(* Let $\varphi:\mathbb{R}\to\mathbb{R}$ be smooth with at most quadratic growth, and let $\Sigma$ be a properly immersed $[\varphi,\vec e_3]$-minimal surface in $\mathbb{R}^3$. Let $H_1,H_2$ be closed half-spaces of $\mathbb{R}^3$ whose boundary planes are vertical (i.e., contain the direction $\vec e_3$) and not parallel to each other. Then $\Sigma$ is not contained in $H_1\cap H_2$.
   Context: Surfaces are connected, orientable, immersed in $\mathbb{R}^3$, without boundary, with unit normal $N$; $\{\vec e_1,\vec e_2,\vec e_3\}$ is the standard basis. For a surface $\Sigma$, $\mu(p)=\langle p,\vec e_3\rangle$ is the height function and $\eta=\langle N,\vec e_3\rangle$ the angle function. Given a smooth $\varphi:\mathbb{R}\to\mathbb{R}$, $\Sigma$ is called $[\varphi,\vec e_3]$-minimal if its mean curvature vector $\vec H$ (trace of the second fundamental form, equal to the Laplacian of the position vector) satisfies $\vec H=\dot\varphi(\mu)\,\eta\,N$; equivalently, writing $\vec H=-HN$, $H=-\dot\varphi(\mu)\eta$. "At most quadratic growth" means there is $C>0$ with $|\dot\varphi(t)|\le C(1+|t|)$ for all $t\in\mathbb{R}$. Proper means the immersion is a proper map. *)

theory Defs
  imports "HOL-Analysis.Analysis"
begin

definition pd :: "bool \<Rightarrow> (real \<times> real \<Rightarrow> real^3) \<Rightarrow> (real \<times> real \<Rightarrow> real^3)" where
  "pd b g = (\<lambda>(u, v). if b then vector_derivative (\<lambda>s. g (s, v)) (at u)
                             else vector_derivative (\<lambda>t. g (u, t)) (at v))"

definition pd_exists :: "bool \<Rightarrow> (real \<times> real \<Rightarrow> real^3) \<Rightarrow> real \<times> real \<Rightarrow> bool" where
  "pd_exists b g z = (case z of (u, v) \<Rightarrow>
      if b then (\<lambda>s. g (s, v)) differentiable (at u)
           else (\<lambda>t. g (u, t)) differentiable (at v))"

fun pds :: "bool list \<Rightarrow> (real \<times> real \<Rightarrow> real^3) \<Rightarrow> (real \<times> real \<Rightarrow> real^3)" where
  "pds [] g = g"
| "pds (b # bs) g = pd b (pds bs g)"

definition smooth2_on :: "(real \<times> real) set \<Rightarrow> (real \<times> real \<Rightarrow> real^3) \<Rightarrow> bool" where
  "smooth2_on V g \<longleftrightarrow>
     (\<forall>bs. continuous_on V (pds bs g) \<and> (\<forall>b. \<forall>z\<in>V. pd_exists b (pds bs g) z))"

definition gramE :: "(real \<times> real \<Rightarrow> real^3) \<Rightarrow> real \<times> real \<Rightarrow> real" where
  "gramE f z = pd True f z \<bullet> pd True f z"
definition gramF :: "(real \<times> real \<Rightarrow> real^3) \<Rightarrow> real \<times> real \<Rightarrow> real" where
  "gramF f z = pd True f z \<bullet> pd False f z"
definition gramG :: "(real \<times> real \<Rightarrow> real^3) \<Rightarrow> real \<times> real \<Rightarrow> real" where
  "gramG f z = pd False f z \<bullet> pd False f z"

definition immersion_at :: "(real \<times> real \<Rightarrow> real^3) \<Rightarrow> real \<times> real \<Rightarrow> bool" where
  "immersion_at f z \<longleftrightarrow> gramE f z * gramG f z - (gramF f z)\<^sup>2 \<noteq> 0"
···
§ Problem statement
Find all the lines containing "where" in the material, then copy them.

§ Output of the exercise
definition pd :: "bool \<Rightarrow> (real \<times> real \<Rightarrow> real^3) \<Rightarrow> (real \<times> real \<Rightarrow> real^3)" where
definition pd_exists :: "bool \<Rightarrow> (real \<times> real \<Rightarrow> real^3) \<Rightarrow> real \<times> real \<Rightarrow> bool" where
fun pds :: "bool list \<Rightarrow> (real \<times> real \<Rightarrow> real^3) \<Rightarrow> (real \<times> real \<Rightarrow> real^3)" where
definition smooth2_on :: "(real \<times> real) set \<Rightarrow> (real \<times> real \<Rightarrow> real^3) \<Rightarrow> bool" where
definition gramE :: "(real \<times> real \<Rightarrow> real^3) \<Rightarrow> real \<times> real \<Rightarrow> real" where
definition gramF :: "(real \<times> real \<Rightarrow> real^3) \<Rightarrow> real \<times> real \<Rightarrow> real" where
definition gramG :: "(real \<times> real \<Rightarrow> real^3) \<Rightarrow> real \<times> real \<Rightarrow> real" where
definition immersion_at :: "(real \<times> real \<Rightarrow> real^3) \<Rightarrow> real \<times> real \<Rightarrow> bool" where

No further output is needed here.